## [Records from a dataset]
(* Let $w\in S_n$ with $\ell=\ell(w)$, and let $\mathbf{u}$ and $\mathbf{u}_c$ be reduced words for $w$ such that $\mathbf{u}_c$ is obtained from $\mathbf{u}$ by a single commutation. Then $\deg(\Phi_{\mathbf{u}_c}^{-1}\circ\Phi_{\mathbf{u}})=-1$.
   Context: $S_n$ is generated by $s_m=(m,m+1)$; a commutation replaces two adjacent letters $s_as_b$ with $|a-b|\geq2$ in a word by $s_bs_a$. Let $\mathbb{F}=\mathrm{Sl}_n(\mathbb{R})/P$ be the maximal real flag manifold (complete flags in $\mathbb{R}^n$), with base point $b_0$ the standard flag $\langle e_1\rangle\subset\langle e_1,e_2\rangle\subset\cdots$. For $m\in[n-1]$ let $A_m=E_{m,m+1}-E_{m+1,m}$, where $E_{k,l}$ is the matrix unit, so $e^{tA_m}$ is a rotation in the $(m,m+1)$-plane. For a reduced word $\mathbf{u}=s_{r_1}\cdots s_{r_\ell}$ of $w$, define $\Phi_{\mathbf{u}}:[0,\pi]^\ell\to\mathbb{F}$ by $\Phi_{\mathbf{u}}(t_1,\dots,t_\ell)=e^{t_1A_{r_1}}\cdots e^{t_\ell A_{r_\ell}}\cdot b_0$. This is a characteristic map of the Schubert cell of $w$: it maps the open cube diffeomorphically onto the open Bruhat cell $N\cdot wb_0$ and the boundary of the cube outside this open cell. Hence for two reduced words $\mathbf{u},\mathbf{v}$ of $w$, $\Phi_{\mathbf{v}}^{-1}\circ\Phi_{\mathbf{u}}$ induces a homeomorphism of the sphere $S^\ell=[0,\pi]^\ell/\partial[0,\pi]^\ell$, and $\deg$ denotes its degree. *)

theory Defs
  imports "HOL-Homology.Homology" "HOL-Combinatorics.Permutations"
begin

text \<open>A word is a list of indices r, standing for s_{r_1} ... s_{r_l}, s_m = (m, m+1).
  Permutations of {1..n} are functions nat => nat permuting {1..n}.\<close>

definition sgen :: "nat \<Rightarrow> nat \<Rightarrow> nat" where
  "sgen m = Transposition.transpose m (Suc m)"

definition word_perm :: "nat list \<Rightarrow> nat \<Rightarrow> nat" where
  "word_perm u = foldr (\<lambda>r p. sgen r \<circ> p) u id"

definition is_word :: "nat \<Rightarrow> nat list \<Rightarrow> bool" where
  "is_word n u \<longleftrightarrow> (\<forall>r \<in> set u. 1 \<le> r \<and> r \<le> n - 1)"

definition perm_length :: "nat \<Rightarrow> (nat \<Rightarrow> nat) \<Rightarrow> nat" where
  "perm_length n w = (LEAST k. \<exists>u. is_word n u \<and> length u = k \<and> word_perm u = w)"

definition reduced_word :: "nat \<Rightarrow> (nat \<Rightarrow> nat) \<Rightarrow> nat list \<Rightarrow> bool" where
  "reduced_word n w u \<longleftrightarrow> is_word n u \<and> word_perm u = w \<and> length u = perm_length n w"

definition one_commutation :: "nat list \<Rightarrow> nat list \<Rightarrow> bool" where
  "one_commutation u v \<longleftrightarrow>
     (\<exists>p q a b. 2 \<le> \<bar>int a - int b\<bar> \<and> u = p @ [a, b] @ q \<and> v = p @ [b, a] @ q)"

type_synonym rmat = "nat \<Rightarrow> nat \<Rightarrow> real"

## [DESCRIPTION OF THE TASK]
Print exactly the lines of the records from the one containing "list \<Rightarrow> nat list" through the end, and nothing besides them.

## [SOLUTION TO THIS PROBLEM]
definition one_commutation :: "nat list \<Rightarrow> nat list \<Rightarrow> bool" where
  "one_commutation u v \<longleftrightarrow>
     (\<exists>p q a b. 2 \<le> \<bar>int a - int b\<bar> \<and> u = p @ [a, b] @ q \<and> v = p @ [b, a] @ q)"

type_synonym rmat = "nat \<Rightarrow> nat \<Rightarrow> real"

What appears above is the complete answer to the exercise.